On July 19, SL Green Realty reported its operating results for the second quarter. Funds From Operations (FFO) of $1.43 decreased 23.53% from the FFO of $1.87 in Q2 2022 but beat estimates by $0.09. Revenue of $221.07 million was higher than estimates of $205.97 million.

On August 17, BMO Capital Markets analyst John Kim downgraded SL Green Realty from outperform to market perform, while raising the price target from $32 to $35. “Although BMO still sees positive catalysts in the future, they are of a more incremental nature,” Kim noted.

In March 2022, SL Green Realty was trading near $73 per share. Since then it has lost 58% of its value. Short interest is still very high, and analysts are very pessimistic about the entire desktop REIT sector.
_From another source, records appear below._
lemma dropped_pair_packing_tricolored:
  fixes a :: "nat \<Rightarrow> 'a::field"
  assumes J: "finite J" "i \<in> J" "j \<in> J" "i \<noteq> j" and zero: "a i + a j = 0"
    and z: "z \<in> J - {i, j}" and nz: "a z \<noteq> 0"
    and A: "A \<subseteq> fvecs n" and no_solution: "\<nexists>x. distinct_solution a J A x"
    and S: "block_packing (J - {j}) A (\<lambda>u. \<forall>t. (\<Sum>l\<in>J - {i, j}. a l * u l t) = 0) S"
  shows "tricolored_sum_free n S (\<lambda>u t. a i * u i t + (\<Sum>l\<in>J - {i, j} - {z}. a l * u l t))
    (\<lambda>u t. a j * u i t) (\<lambda>u t. a z * u z t)"
proof -
  have ai: "a i = - a j" using zero by (simp add: eq_neg_iff_add_eq_0)
  have P: "a z * u z t + (\<Sum>l\<in>J - {i, j} - {z}. a l * u l t) = 0" if "u \<in> S" for u t
    using block_packing_mem(2)[OF S that] J(1) z by (simp add: sum.remove)
  have iz: "i \<in> J - {j}" "z \<in> J - {j}" using J z by auto
  show ?thesis
  proof (rule tricolored_sum_freeI)
    fix u t assume u: "u \<in> S"
    show "(\<lambda>t. a i * u i t + (\<Sum>l\<in>J - {i, j} - {z}. a l * u l t)) \<in> fvecs n \<and> (\<lambda>t. a j * u i t) \<in> fvecs n
        \<and> (\<lambda>t. a z * u z t) \<in> fvecs n"
      using block_packing_mem(1)[OF S u] iz A by (auto intro!: fvecs_add fvecs_scale fvecs_lincomb)
    show "a i * u i t + (\<Sum>l\<in>J - {i, j} - {z}. a l * u l t) + a j * u i t + a z * u z t = 0"
      using P[OF u, of t] by (simp add: ai algebra_simps)
  next
    fix s1 s2 s3 assume s: "s1 \<in> S" "s2 \<in> S" "s3 \<in> S"
      and eq: "\<forall>t. a i * s1 i t + (\<Sum>l\<in>J - {i, j} - {z}. a l * s1 l t) + a j * s2 i t + a z * s3 z t = 0"
    have "a j * (s2 i t - s1 i t) + a z * (s3 z t - s1 z t) = 0" for t
    proof -
      have "a j * (s2 i t - s1 i t) + a z * (s3 z t - s1 z t)
          = (a i * s1 i t + (\<Sum>l\<in>J - {i, j} - {z}. a l * s1 l t) + a j * s2 i t + a z * s3 z t)
            - (a z * s1 z t + (\<Sum>l\<in>J - {i, j} - {z}. a l * s1 l t))"
        by (simp add: ai algebra_simps)
      then show ?thesis using eq P[OF s(1), of t] by simp
    qed
    then have "s1 = s2 \<Longrightarrow> s3 z = s1 z" using nz by (auto simp: fun_eq_iff)
    then have collapse: "s1 = s2 \<Longrightarrow> s1 = s3" using block_packing_apply_eq_iff[OF S] s iz by auto
    show "s1 = s2 \<and> s2 = s3"
    proof (rule ccontr)
      assume "\<not> (s1 = s2 \<and> s2 = s3)"
      then have "s1 \<noteq> s2" using collapse by blast
      \<comment> \<open>Reading \<open>s1\<close> at \<open>i\<close> and on \<open>J - {i, j} - {z}\<close>, \<open>s2\<close> at \<open>i\<close> for \<open>j\<close>, and \<open>s3\<close> at \<open>z\<close> gives a solution.\<close>
      define \<sigma> where "\<sigma> l = (if l = j then s2 else if l = z then s3 else s1)" for l
      define \<tau> where "\<tau> l = (if l = j then i else l)" for l
      have "distinct_solution a J A (\<lambda>l. \<sigma> l (\<tau> l))"
      proof (rule distinct_solution_from_blocks[OF S])
        show "\<sigma> l \<in> S \<and> \<tau> l \<in> J - {j}" if "l \<in> J" for l
          using that s J by (auto simp: \<sigma>_def \<tau>_def)
        show "inj_on (\<lambda>l. (\<sigma> l, \<tau> l)) J"
          using \<open>s1 \<noteq> s2\<close> J z by (auto simp: inj_on_def \<sigma>_def \<tau>_def)
        have "(\<Sum>l\<in>J - {i, j} - {z}. a l * \<sigma> l (\<tau> l) t) = (\<Sum>l\<in>J - {i, j} - {z}. a l * s1 l t)" for t
          by (rule sum.cong) (auto simp: \<sigma>_def \<tau>_def)
        then show "\<forall>t. (\<Sum>l\<in>J. a l * \<sigma> l (\<tau> l) t) = 0"
          using eq J z by (simp add: sum_remove_two[OF J] sum.remove \<sigma>_def \<tau>_def algebra_simps)
      qed
      with no_solution show False by blast
    qed
  qed
qed

lemma avoidance_bound_dropped_pair:
  fixes a :: "nat \<Rightarrow> 'a::{field,finite}"
  assumes J: "finite J" "i \<in> J" "j \<in> J" "i \<noteq> j" and zero: "a i + a j = 0"
    and z: "z \<in> J - {i, j}" and nz: "a z \<noteq> 0"
    and K: "avoidance_bound a (J - {i, j}) K"
  shows "avoidance_bound a J (K + 4 * card J)"
  unfolding avoidance_bound_def
proof (intro allI impI)
  fix n and A :: "(nat \<Rightarrow> 'a) set"
  assume A: "A \<subseteq> fvecs n" and no_solution: "\<nexists>x. distinct_solution a J A x"
  let ?M = "card (low_degree_exponents CARD('a) n)"
  let ?P = "\<lambda>u. \<forall>t. (\<Sum>l\<in>J - {i, j}. a l * u l t) = 0"
  have "card A \<le> (K * ?M + card J) + card (J - {j}) * (3 * ?M)"
  proof (rule card_le_by_block_packing[where P = ?P])
    show "finite A" using A finite_fvecs finite_subset by blast
    show "finite (J - {j})" "J - {j} \<noteq> {}" using J by auto
    fix B assume B: "B \<subseteq> A" "K * ?M + card J < card B"
    then obtain x where "distinct_solution a (J - {i, j}) B x"
      using avoidance_boundD[OF K order_trans[OF _ A]] by fastforce
    then show "\<exists>u. ?P u \<and> inj_on u (J - {j}) \<and> u ` (J - {j}) \<subseteq> B"
      using B(2) by (intro exists_block_extending_solution[OF J]) auto
  next
    fix S assume "block_packing (J - {j}) A ?P S"
    then show "card S \<le> 3 * ?M"
      using dropped_pair_packing_tricolored[OF J zero z nz A no_solution]
      by (intro tricolored_sum_free_card_le) (auto simp: block_packing_def)
  qed
  also have "\<dots> \<le> K * ?M + card J * ?M + card J * (3 * ?M)"
  proof -
    have "card (J - {j}) * (3 * ?M) \<le> card J * (3 * ?M)" by (rule mult_le_mono1) (rule card_Diff1_le)
    moreover have "card J \<le> card J * ?M" using card_low_degree_exponents_pos[of "CARD('a)" n] by simp
    ultimately show ?thesis by linarith
  qed
  also have "\<dots> = (K + 4 * card J) * ?M" by (simp add: algebra_simps)
  finally show "card A \<le> (K + 4 * card J) * ?M" .
qed

lemma paired_four_packing_tricolored:
  fixes a :: "nat \<Rightarrow> 'a::field"
  assumes J: "J = {j1, j2, j3, j4}" and distinct: "distinct [j1, j2, j3, j4]"
    and zero: "a j1 + a j2 = 0" "a j3 + a j4 = 0" and nz: "a j2 \<noteq> 0" "a j4 \<noteq> 0"
    and A: "A \<subseteq> fvecs n" and no_solution: "\<nexists>x. distinct_solution a J A x"
    and S: "block_packing {j1, j3} A (\<lambda>_. True) S"
  shows "tricolored_sum_free n S (\<lambda>u t. a j1 * u j1 t + a j3 * u j3 t) (\<lambda>u t. a j2 * u j1 t)
    (\<lambda>u t. a j4 * u j3 t)"
proof -
  have a1: "a j1 = - a j2" and a3: "a j3 = - a j4" using zero by (simp_all add: eq_neg_iff_add_eq_0)
  show ?thesis
  proof (rule tricolored_sum_freeI)
    fix u t assume u: "u \<in> S"
    show "(\<lambda>t. a j1 * u j1 t + a j3 * u j3 t) \<in> fvecs n \<and> (\<lambda>t. a j2 * u j1 t) \<in> fvecs n
        \<and> (\<lambda>t. a j4 * u j3 t) \<in> fvecs n"
      using block_packing_mem(1)[OF S u] A by (auto intro!: fvecs_add fvecs_scale)
    show "a j1 * u j1 t + a j3 * u j3 t + a j2 * u j1 t + a j4 * u j3 t = 0" by (simp add: a1 a3)
  next
    fix s1 s2 s3 assume s: "s1 \<in> S" "s2 \<in> S" "s3 \<in> S"
      and eq: "\<forall>t. a j1 * s1 j1 t + a j3 * s1 j3 t + a j2 * s2 j1 t + a j4 * s3 j3 t = 0"
    have "\<forall>t. a j2 * (s2 j1 t - s1 j1 t) + a j4 * (s3 j3 t - s1 j3 t) = 0"
      using eq by (simp add: a1 a3 algebra_simps)
    then have "s1 = s2 \<Longrightarrow> s3 j3 = s1 j3" "s1 = s3 \<Longrightarrow> s2 j1 = s1 j1"
      using nz by (auto simp: fun_eq_iff)
    then have collapse: "s1 = s2 \<Longrightarrow> s1 = s3" "s1 = s3 \<Longrightarrow> s1 = s2"
      using block_packing_apply_eq_iff[OF S] s by auto
    show "s1 = s2 \<and> s2 = s3"
    proof (rule ccontr)
      assume "\<not> (s1 = s2 \<and> s2 = s3)"
      then have "s1 \<noteq> s2" "s1 \<noteq> s3" using collapse by blast+
      \<comment> \<open>\<open>s1\<close> supplies the vectors at \<open>j1\<close> and \<open>j3\<close>, \<open>s2\<close> and \<open>s3\<close> those at their partners \<open>j2\<close> and \<open>j4\<close>.\<close>
      define \<sigma> where "\<sigma> l = (if l = j2 then s2 else if l = j4 then s3 else s1)" for l
      define \<tau> where "\<tau> l = (if l = j2 then j1 else if l = j4 then j3 else l)" for l
      have "distinct_solution a J A (\<lambda>l. \<sigma> l (\<tau> l))"
      proof (rule distinct_solution_from_blocks[OF S])
        show "\<sigma> l \<in> S \<and> \<tau> l \<in> {j1, j3}" if "l \<in> J" for l
          using that s J distinct by (auto simp: \<sigma>_def \<tau>_def)
        show "inj_on (\<lambda>l. (\<sigma> l, \<tau> l)) J"
          using \<open>s1 \<noteq> s2\<close> \<open>s1 \<noteq> s3\<close> J distinct by (auto simp: inj_on_def \<sigma>_def \<tau>_def)
        show "\<forall>t. (\<Sum>l\<in>J. a l * \<sigma> l (\<tau> l) t) = 0"
          using eq J distinct by (simp add: \<sigma>_def \<tau>_def algebra_simps)
      qed
      with no_solution show False by blast
    qed
  qed
qed

lemma avoidance_bound_paired_four:
  fixes a :: "nat \<Rightarrow> 'a::{field,finite}"
  assumes J: "J = {j1, j2, j3, j4}" and distinct: "distinct [j1, j2, j3, j4]"
    and zero: "a j1 + a j2 = 0" "a j3 + a j4 = 0" and nz: "a j2 \<noteq> 0" "a j4 \<noteq> 0"
  shows "avoidance_bound a J 7"
  unfolding avoidance_bound_def
proof (intro allI impI)
  fix n and A :: "(nat \<Rightarrow> 'a) set"
  assume A: "A \<subseteq> fvecs n" and no_solution: "\<nexists>x. distinct_solution a J A x"
  let ?M = "card (low_degree_exponents CARD('a) n)"
  have "card A \<le> 1 + card {j1, j3} * (3 * ?M)"
  proof (rule card_le_by_block_packing[where P = "\<lambda>_. True"])
    show finite_A: "finite A" using A finite_fvecs finite_subset by blast
    fix B :: "(nat \<Rightarrow> 'a) set" assume B: "B \<subseteq> A" "1 < card B"
    have "finite B" using B(1) finite_A by (rule finite_subset)
    then obtain b1 b2 where "b1 \<in> B" "b2 \<in> B" "b1 \<noteq> b2"
      using B(2) card_le_Suc0_iff_eq[of B] by force
    moreover have "j1 \<noteq> j3" using distinct by simp
    ultimately show "\<exists>u. True \<and> inj_on u {j1, j3} \<and> u ` {j1, j3} \<subseteq> B"
      by (intro exI[of _ "\<lambda>l. if l = j1 then b1 else b2"]) simp
  next
    fix S assume "block_packing {j1, j3} A (\<lambda>_. True) S"
    then show "card S \<le> 3 * ?M"
      using paired_four_packing_tricolored[OF J distinct zero nz A no_solution]
      by (intro tricolored_sum_free_card_le) (auto simp: block_packing_def)
  qed simp_all
  also have "\<dots> \<le> 7 * ?M"
    using distinct card_low_degree_exponents_pos[of "CARD('a)" n] by simp
  finally show "card A \<le> 7 * ?M" .
qed

lemma obtain_elements_card_4:
  assumes "card J = 4"
  obtains j1 j2 j3 j4 where "J = {j1, j2, j3, j4}" "distinct [j1, j2, j3, j4]"
proof -
  have "finite J" using assms card.infinite by fastforce
  obtain j1 where j1: "j1 \<in> J" using assms by fastforce
  have "card (J - {j1}) = 3" using assms j1 \<open>finite J\<close> by simp
  then obtain j2 j3 j4 where "J - {j1} = {j2, j3, j4}" "j2 \<noteq> j3" "j3 \<noteq> j4" "j2 \<noteq> j4"
    by (auto simp: card_3_iff)
  with j1 show thesis by (intro that[of j1 j2 j3 j4]) auto
qed

lemma exists_avoidance_bound:
  fixes a :: "nat \<Rightarrow> 'a::{field,finite}"
  assumes "finite J" "3 \<le> card J" "\<forall>j\<in>J. a j \<noteq> 0" "(\<Sum>j\<in>J. a j) = 0"
  shows "\<exists>K. avoidance_bound a J K"
  using assms
proof (induction "card J" arbitrary: J a rule: less_induct)
  case less
  note J = less.prems
  show ?case
  proof (cases "card J = 3")
    case True
    then obtain j1 j2 j3 where J3: "J = {j1, j2, j3}" "j1 \<noteq> j2" "j2 \<noteq> j3" "j1 \<noteq> j3"
      by (auto simp: card_3_iff)
    moreover from J3 have "a j1 + a j2 + a j3 = 0" using J(4) by (simp add: add.assoc)
    ultimately show ?thesis using J(3) by (metis avoidance_bound_three insertCI)
  next
    case False
    show ?thesis
    proof (cases "\<exists>i\<in>J. \<exists>j\<in>J. i \<noteq> j \<and> a i + a j \<noteq> 0")
      case True
      then obtain i j where ij: "i \<in> J" "j \<in> J" "i \<noteq> j" "a i + a j \<noteq> 0" by blast
      have "\<exists>K. avoidance_bound (a(i := a i + a j)) (J - {j}) K"
      proof (rule less.hyps)
        show "(\<Sum>l\<in>J - {j}. (a(i := a i + a j)) l) = 0"
          using sum_merge_coefficients[OF J(1) ij(1-3), of a "\<lambda>_. 1"] sum_remove_two[OF J(1) ij(1-3), of a] J(4)
          by (simp add: add.assoc)
        show "card (J - {j}) < card J" "3 \<le> card (J - {j})" using J(1,2) False ij by simp_all
        show "finite (J - {j})" "\<forall>l\<in>J - {j}. (a(i := a i + a j)) l \<noteq> 0" using J(1,3) ij by auto
      qed
      then show ?thesis using avoidance_bound_merged_pair[OF J(1) ij] by blast
    next
      case cancel: False
      show ?thesis
      proof (cases "card J = 4")
        case True
        then obtain j1 j2 j3 j4 where J4: "J = {j1, j2, j3, j4}" and distinct: "distinct [j1, j2, j3, j4]"
          by (rule obtain_elements_card_4)
        have "a j1 + a j2 = 0" "a j3 + a j4 = 0" using cancel distinct unfolding J4 by auto
        moreover have "a j2 \<noteq> 0" "a j4 \<noteq> 0" using J(3) unfolding J4 by auto
        ultimately show ?thesis using avoidance_bound_paired_four[OF J4 distinct] by blast
      next
        case False
        obtain T where "T \<subseteq> J" "card T = 3" using obtain_subset_with_card_n[OF J(2)] by blast
        then obtain i j z where ij: "i \<in> J" "j \<in> J" "i \<noteq> j" and z: "z \<in> J - {i, j}"
          by (auto simp: card_3_iff)
        have zero: "a i + a j = 0" and "a z \<noteq> 0" using cancel ij z J(3) by auto
        have "\<exists>K. avoidance_bound a (J - {i, j}) K"
        proof (rule less.hyps)
          show "card (J - {i, j}) < card J" "3 \<le> card (J - {i, j})"
            using J(1,2) \<open>card J \<noteq> 3\<close> False ij by (simp_all add: card_Diff_subset)
          show "finite (J - {i, j})" "\<forall>l\<in>J - {i, j}. a l \<noteq> 0" using J(1,3) by simp_all
          show "(\<Sum>l\<in>J - {i, j}. a l) = 0"
            using sum_remove_two[OF J(1) ij, of a] J(4) zero by (simp add: add.assoc[symmetric])
        qed
        then show ?thesis using avoidance_bound_dropped_pair[OF J(1) ij zero z \<open>a z \<noteq> 0\<close>] by blast
      qed
    qed
  qed
qed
But SL Green Realty is the largest office owner in what remains America’s number one city by business. For long-term investors, the current economic conditions currently provide a dividend yield of 9.9%.

It is said that 90% of the world’s millionaires built their wealth through real estate. Now it’s your turn. Browse real estate offers in the market for investments of at least $100

Trust Company for Medical Properties (NYSE: MPW) is a healthcare real estate investment trust headquartered in Birmingham, Alabama, that owns and operates 444 public acute care and other properties across the United States and nine other countries, with locations in Europe and Australia. Its total portfolio is $19.2 billion, of which 64% is general acute care hospitals, and nearly two-thirds of its holdings are in the United States.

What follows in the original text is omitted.